We bumped along for the next hour or so, and Elro didn’t say much. There were fields all around and occasionally a farmhouse, but the country was wilder than around Katydid, or if not wilder, at least less fussed over. The fields were bigger, and they were separated by tangled patches of woods so dense you couldn’t see more than a few feet into them. In the distance, tree-covered hills poked out of the flatness like mountains. Crossing streams, we’d drive over rickety bridges made of lumber that buckled and clattered under the weight of the truck. Once, near a barn, we had to stop while a boy steered a herd of brown cows across the road to a pasture. The boy was about twelve, and he was wearing overalls and carrying a broom handle that he rapped on the ground to keep the cows in line.

“Mornin’,” he said to Elro after the last lumbering cow had crossed in front of us.

“Mornin’.”

“You goin’ to town today?” The boy stood beside Elro’s window. His hair was the color of straw and stuck up in tufts on his head.

“You better watch your cow there,” Elro said. The last heifer had missed the gate and was following the grass down the side of the road. The farm boy took off after the animal.

“Hee-awww!” he yelled, waving his stick and circling around to head the cow off. “Hee-awww, baby!”

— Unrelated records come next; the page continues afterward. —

(* Let $C,C'',C'$ be three columns of the diagram of a composition of $n$, all of the same height $s$, with $C$ to the left of $C''$ and $C''$ to the left of $C'$, and such that $C''$ is the only column of height $s$ lying strictly between $C$ and $C'$ (so $(C,C'')$ and $(C'',C')$ are pairs of neighbouring columns). Then there is a non-zero scalar $\lambda\in\mathbb C$ such that $$f_{C,C'}=\lambda\, f_{C,C''}\, f_{C'',C'}$$ as polynomial functions on $\mathfrak m$.
   Context: Let $n\ge 2$ and $G=SL(n,\mathbb C)$. Let $B$ be the upper triangular matrices in $G$, $H$ the diagonal ones, $\mathfrak h=\mathrm{Lie}(H)$ and $\mathfrak n$ the strictly upper triangular matrices. Write $x_{i,j}$ for the matrix unit with $1$ in position $(i,j)$. A composition $(c_1,\dots,c_k)$ of $n$ (positive integers with sum $n$) determines the standard parabolic subgroup $P\supseteq B$ of block upper triangular matrices with diagonal blocks of sizes $c_1,\dots,c_k$. Let $\mathfrak m$ be the Lie algebra of the unipotent radical of $P$, i.e. the span of the $x_{i,j}$ with $i<j$ lying in different diagonal blocks. Let $P'$ be the derived group of $P$, acting on $\mathfrak m$ by the adjoint action. Diagram and tableau: the composition is represented by columns $C_1,\dots,C_k$ from left to right, where $C_i$ consists of $c_i$ boxes placed in rows $R_1,\dots,R_{c_i}$ (rows numbered from top to bottom). The boxes are filled with $1,\dots,n$ so that $C_i$ contains $c_1+\dots+c_{i-1}+1,\dots,c_1+\dots+c_i$, increasing downwards. The height of $C_i$ is $c_i$. Two columns of the same height $s$ are called neighbouring if no column of height $s$ lies strictly between them. The function $f_{C,C'}$: for two columns $C$ (left) and $C'$ (right) of the same height $s$, let $J$ be the interval of integers from the smallest entry of $C$ to the largest entry of $C'$, and $N=|J|$. For $X\in\mathfrak m$ let $X_J$ be the $N\times N$ principal submatrix of $X$ with rows and columns indexed by $J$. For an indeterminate $a$, let $M_{C,C'}(X,a)$ be the determinant of the $(N-s)\times(N-s)$ submatrix of $X_J+a\,\mathrm{Id}_N$ formed by its first $N-s$ rows and its last $N-s$ columns. Let $d$ be the number of boxes lying strictly below row $R_s$ in the columns strictly between $C$ and $C'$. Then $M_{C,C'}(X,a)$ is divisible by $a^{d}$ as a polynomial in $a$, and $f_{C,C'}(X)$ is defined as the value at $a=0$ of $a^{-d}M_{C,C'}(X,a)$ (the Benlolo–Sanderson invariant of the pair $C,C'$ when $C,C'$ are neighbouring). *)

theory Defs
  imports "Jordan_Normal_Form.Determinant" "HOL-Computational_Algebra.Polynomial"
begin

text \<open>Conventions: everything is 0-based. A composition is a list c of positive
naturals; column i (0-based) contains the entries col_start c i, ...,
col_start c (Suc i) - 1 (0-based matrix indices).\<close>

definition col_start :: "nat list \<Rightarrow> nat \<Rightarrow> nat" where
  "col_start c i = sum_list (take i c)"

definition is_composition :: "nat list \<Rightarrow> nat \<Rightarrow> bool" where
  "is_composition c n \<longleftrightarrow> (\<forall>x\<in>set c. 0 < x) \<and> sum_list c = n"

definition in_nilrad :: "nat list \<Rightarrow> nat \<Rightarrow> complex mat \<Rightarrow> bool" where
  "in_nilrad c n X \<longleftrightarrow> X \<in> carrier_mat n n \<and>
     (\<forall>k<n. \<forall>l<n. X $$ (k,l) \<noteq> 0 \<longrightarrow>
        (\<exists>i j. i < j \<and> j < length c \<and>
           col_start c i \<le> k \<and> k < col_start c (Suc i) \<and>
           col_start c j \<le> l \<and> l < col_start c (Suc j)))"

text \<open>M_{C,C'}(X,a) as a polynomial in a, for columns i (left) and i' (right).\<close>
definition M_poly :: "nat list \<Rightarrow> nat \<Rightarrow> nat \<Rightarrow> complex mat \<Rightarrow> complex poly" where
  "M_poly c i i' X =
    (let p = col_start c i; N = col_start c (Suc i') - p; s = c ! i in
     det (mat (N - s) (N - s)
       (\<lambda>(r, q). [: X $$ (p + r, p + q + s) :] + (if r = q + s then [:0, 1:] else 0))))"

text \<open>d: number of boxes strictly below row s in columns strictly between i and i'.\<close>
definition d_boxes :: "nat list \<Rightarrow> nat \<Rightarrow> nat \<Rightarrow> nat" where
  "d_boxes c i i' = (\<Sum>j\<in>{i<..<i'}. c ! j - c ! i)"

definition f_inv :: "nat list \<Rightarrow> nat \<Rightarrow> nat \<Rightarrow> complex mat \<Rightarrow> complex" where
  "f_inv c i i' X = poly (M_poly c i i' X div [:0, 1:] ^ d_boxes c i i') 0"

end

theory Submission
  imports Defs
begin

(* Write the matrix whose determinant is M_{C,C'}(X,a) as a pencil: constant part X, plus the
   indeterminate on the shifted diagonal r = q + s. Since X is block strictly upper triangular,
   every nonzero term sigma of the Leibniz expansion must use the indeterminate at least
   c_w - s times in the rows of each intermediate column C_w (a pigeonhole count), so its
   a-degree is at least d, and f_{C,C'} is the coefficient of a^d. A term that also uses the
   indeterminate in a row of the middle column C'' has degree > d. Hence dropping the
   indeterminate from those s rows does not change the coefficient of a^d, but it makes the
   matrix block upper triangular, with diagonal blocks the matrices of the pairs (C, C'') and
   (C'', C'). Comparing lowest coefficients gives f_{C,C'} = f_{C,C''} f_{C'',C'}. *)

definition pencil :: "nat \<Rightarrow> (nat \<Rightarrow> nat \<Rightarrow> 'a::comm_ring_1) \<Rightarrow> (nat \<Rightarrow> nat \<Rightarrow> bool) \<Rightarrow> 'a poly mat" where
  "pencil K A E = mat K K (\<lambda>(r, q). [:A r q:] + (if E r q then [:0, 1:] else 0))"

Elro waited for the straggler to be walked into the pasture and then started out slowly, so as not to spook the herd.

“Thanks,” called the boy, saluting with his stick. “Maybe I’ll see you in town.”

By now, the sun was above the trees. We started passing men on tractors, and we passed one man riding a wagon pulled by a horse.

“Are we in Wisconsin?” I asked.

“Guess so.”

“Do you know where we are?”

“Maybe.”

“It’s so rural.”

“So.”

As we drove along a cornfield, my eyes ticked off each perfect row, stretching into a green infinity. It was hypnotizing, and I had to pull myself away.

“Elro, I’m sorry that I ran away back there,” I said.

He grunted, not looking at me.

“I’m sorry about that, but there’s still something I have to ask you, okay?”